#### [Problem to work on]
Would you please transcribe the entire listing exactly?

#### [Task material]

(* Let $(T^{E}_{m},T^{\mathbb{K}}_{m})_{m\in M}$ be a strong generator for $(\mathcal{FV},E)$. If one of the following conditions holds, then $\mathcal{FV}(\Omega,E)\subset\mathcal{FV}(\Omega,E)_\kappa$: (a) $\mathcal{FV}(\Omega)$ is a semi-Montel space; (b) for every $f\in\mathcal{FV}(\Omega,E)$, $j\in J$, $m\in M$ there is a precompact set $K\subset E$ with $N_{j,m}(f)\subset K$; (c) $E$ is a semi-Montel space or a Schwartz space; (d) there are a set $X$, a family $\mathfrak{K}$ of sets with $\bigcup_{K\in\mathfrak{K}}K\subset X$ and a map $\pi\colon\bigcup_{m\in M}\omega_m\to X$ such that every $f\in\mathcal{FV}(\Omega,E)$ satisfies: for all $\varepsilon>0$, $j\in J$, $m\in M$, $\alpha\in\mathfrak{A}$ there is $K\in\mathfrak{K}$ with (i) $\sup_{x\in\omega_m,\ \pi(x)\notin K}p_\alpha(T^E_m(f)(x))\nu_{j,m}(x)<\varepsilon$ and (ii) $\{T^E_m(f)(x)\nu_{j,m}(x): x\in\omega_m,\ \pi(x)\in K\}$ is precompact in $E$.
   Context: $\mathbb{K}\in\{\mathbb{R},\mathbb{C}\}$, $E$ a non-trivial locally convex Hausdorff space over $\mathbb{K}$ with directed fundamental system of seminorms $(p_\alpha)_{\alpha\in\mathfrak{A}}$. Let $\Omega$ be a non-empty set, $J,M$ non-empty index sets, $(\omega_m)_{m\in M}$ non-empty sets and $\nu_{j,m}\colon\omega_m\to[0,\infty)$ such that for all $m$, $x\in\omega_m$ some $\nu_{j,m}(x)>0$. For $Y\in\{\mathbb{K},E\}$ (for $\mathbb{K}$ only $|\cdot|$), let $\operatorname{AP}(\Omega,Y)\subset Y^\Omega$ be a linear subspace and $T^Y_m\colon\operatorname{dom}T^Y_m\to Y^{\omega_m}$ linear maps on linear subspaces $\operatorname{dom}T^Y_m\subset Y^\Omega$. $\mathcal{FV}(\Omega,Y):=\{f\in\operatorname{AP}(\Omega,Y)\cap\bigcap_m\operatorname{dom}T^Y_m: |f|_{j,m,\alpha}:=\sup_{x\in\omega_m}p_\alpha(T^Y_m(f)(x))\nu_{j,m}(x)<\infty\ \forall j,m,\alpha\}$ with these seminorms; $\mathcal{FV}(\Omega):=\mathcal{FV}(\Omega,\mathbb{K})$. Dom-space: Hausdorff, directed seminorms, and for $Y=\mathbb{K}$ all point evaluations $\delta_x$ are in $\mathcal{FV}(\Omega)'$. Generator for $(\mathcal{FV},E)$: $(T^E_m,T^{\mathbb{K}}_m)_{m\in M}$ with $\mathcal{FV}(\Omega)$, $\mathcal{FV}(\Omega,E)$ dom-spaces over the same $J,M,\omega_m,\nu_{j,m}$. Strong: for all $e'\in E'$, $f\in\mathcal{FV}(\Omega,E)$, $m$: $e'\circ f\in\operatorname{AP}(\Omega,\mathbb{K})\cap\operatorname{dom}T^{\mathbb{K}}_m$ and $T^{\mathbb{K}}_m(e'\circ f)=e'\circ T^E_m(f)$ on $\omega_m$. $\mathcal{FV}(\Omega,E)_\sigma:=\{f\colon\Omega\to E: e'\circ f\in\mathcal{FV}(\Omega)\ \forall e'\in E'\}$, $R_f(e'):=e'\circ f$; $B_\alpha:=\{x\in E: p_\alpha(x)<1\}$ with polar $B_\alpha^\circ$; $\mathcal{FV}(\Omega,E)_\kappa:=\{f\in\mathcal{FV}(\Omega,E)_\sigma: R_f(B_\alpha^\circ)$ relatively compact in $\mathcal{FV}(\Omega)$ for every $\alpha\}$. $N_{j,m}(f):=\{T^E_m(f)(x)\nu_{j,m}(x): x\in\omega_m\}$. *)

theory Defs
  imports "HOL-Analysis.Analysis" "HOL-Library.Function_Algebras"
begin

#### [Your solution]
(* Let $(T^{E}_{m},T^{\mathbb{K}}_{m})_{m\in M}$ be a strong generator for $(\mathcal{FV},E)$. If one of the following conditions holds, then $\mathcal{FV}(\Omega,E)\subset\mathcal{FV}(\Omega,E)_\kappa$: (a) $\mathcal{FV}(\Omega)$ is a semi-Montel space; (b) for every $f\in\mathcal{FV}(\Omega,E)$, $j\in J$, $m\in M$ there is a precompact set $K\subset E$ with $N_{j,m}(f)\subset K$; (c) $E$ is a semi-Montel space or a Schwartz space; (d) there are a set $X$, a family $\mathfrak{K}$ of sets with $\bigcup_{K\in\mathfrak{K}}K\subset X$ and a map $\pi\colon\bigcup_{m\in M}\omega_m\to X$ such that every $f\in\mathcal{FV}(\Omega,E)$ satisfies: for all $\varepsilon>0$, $j\in J$, $m\in M$, $\alpha\in\mathfrak{A}$ there is $K\in\mathfrak{K}$ with (i) $\sup_{x\in\omega_m,\ \pi(x)\notin K}p_\alpha(T^E_m(f)(x))\nu_{j,m}(x)<\varepsilon$ and (ii) $\{T^E_m(f)(x)\nu_{j,m}(x): x\in\omega_m,\ \pi(x)\in K\}$ is precompact in $E$.
   Context: $\mathbb{K}\in\{\mathbb{R},\mathbb{C}\}$, $E$ a non-trivial locally convex Hausdorff space over $\mathbb{K}$ with directed fundamental system of seminorms $(p_\alpha)_{\alpha\in\mathfrak{A}}$. Let $\Omega$ be a non-empty set, $J,M$ non-empty index sets, $(\omega_m)_{m\in M}$ non-empty sets and $\nu_{j,m}\colon\omega_m\to[0,\infty)$ such that for all $m$, $x\in\omega_m$ some $\nu_{j,m}(x)>0$. For $Y\in\{\mathbb{K},E\}$ (for $\mathbb{K}$ only $|\cdot|$), let $\operatorname{AP}(\Omega,Y)\subset Y^\Omega$ be a linear subspace and $T^Y_m\colon\operatorname{dom}T^Y_m\to Y^{\omega_m}$ linear maps on linear subspaces $\operatorname{dom}T^Y_m\subset Y^\Omega$. $\mathcal{FV}(\Omega,Y):=\{f\in\operatorname{AP}(\Omega,Y)\cap\bigcap_m\operatorname{dom}T^Y_m: |f|_{j,m,\alpha}:=\sup_{x\in\omega_m}p_\alpha(T^Y_m(f)(x))\nu_{j,m}(x)<\infty\ \forall j,m,\alpha\}$ with these seminorms; $\mathcal{FV}(\Omega):=\mathcal{FV}(\Omega,\mathbb{K})$. Dom-space: Hausdorff, directed seminorms, and for $Y=\mathbb{K}$ all point evaluations $\delta_x$ are in $\mathcal{FV}(\Omega)'$. Generator for $(\mathcal{FV},E)$: $(T^E_m,T^{\mathbb{K}}_m)_{m\in M}$ with $\mathcal{FV}(\Omega)$, $\mathcal{FV}(\Omega,E)$ dom-spaces over the same $J,M,\omega_m,\nu_{j,m}$. Strong: for all $e'\in E'$, $f\in\mathcal{FV}(\Omega,E)$, $m$: $e'\circ f\in\operatorname{AP}(\Omega,\mathbb{K})\cap\operatorname{dom}T^{\mathbb{K}}_m$ and $T^{\mathbb{K}}_m(e'\circ f)=e'\circ T^E_m(f)$ on $\omega_m$. $\mathcal{FV}(\Omega,E)_\sigma:=\{f\colon\Omega\to E: e'\circ f\in\mathcal{FV}(\Omega)\ \forall e'\in E'\}$, $R_f(e'):=e'\circ f$; $B_\alpha:=\{x\in E: p_\alpha(x)<1\}$ with polar $B_\alpha^\circ$; $\mathcal{FV}(\Omega,E)_\kappa:=\{f\in\mathcal{FV}(\Omega,E)_\sigma: R_f(B_\alpha^\circ)$ relatively compact in $\mathcal{FV}(\Omega)$ for every $\alpha\}$. $N_{j,m}(f):=\{T^E_m(f)(x)\nu_{j,m}(x): x\in\omega_m\}$. *)

theory Defs
  imports "HOL-Analysis.Analysis" "HOL-Library.Function_Algebras"
begin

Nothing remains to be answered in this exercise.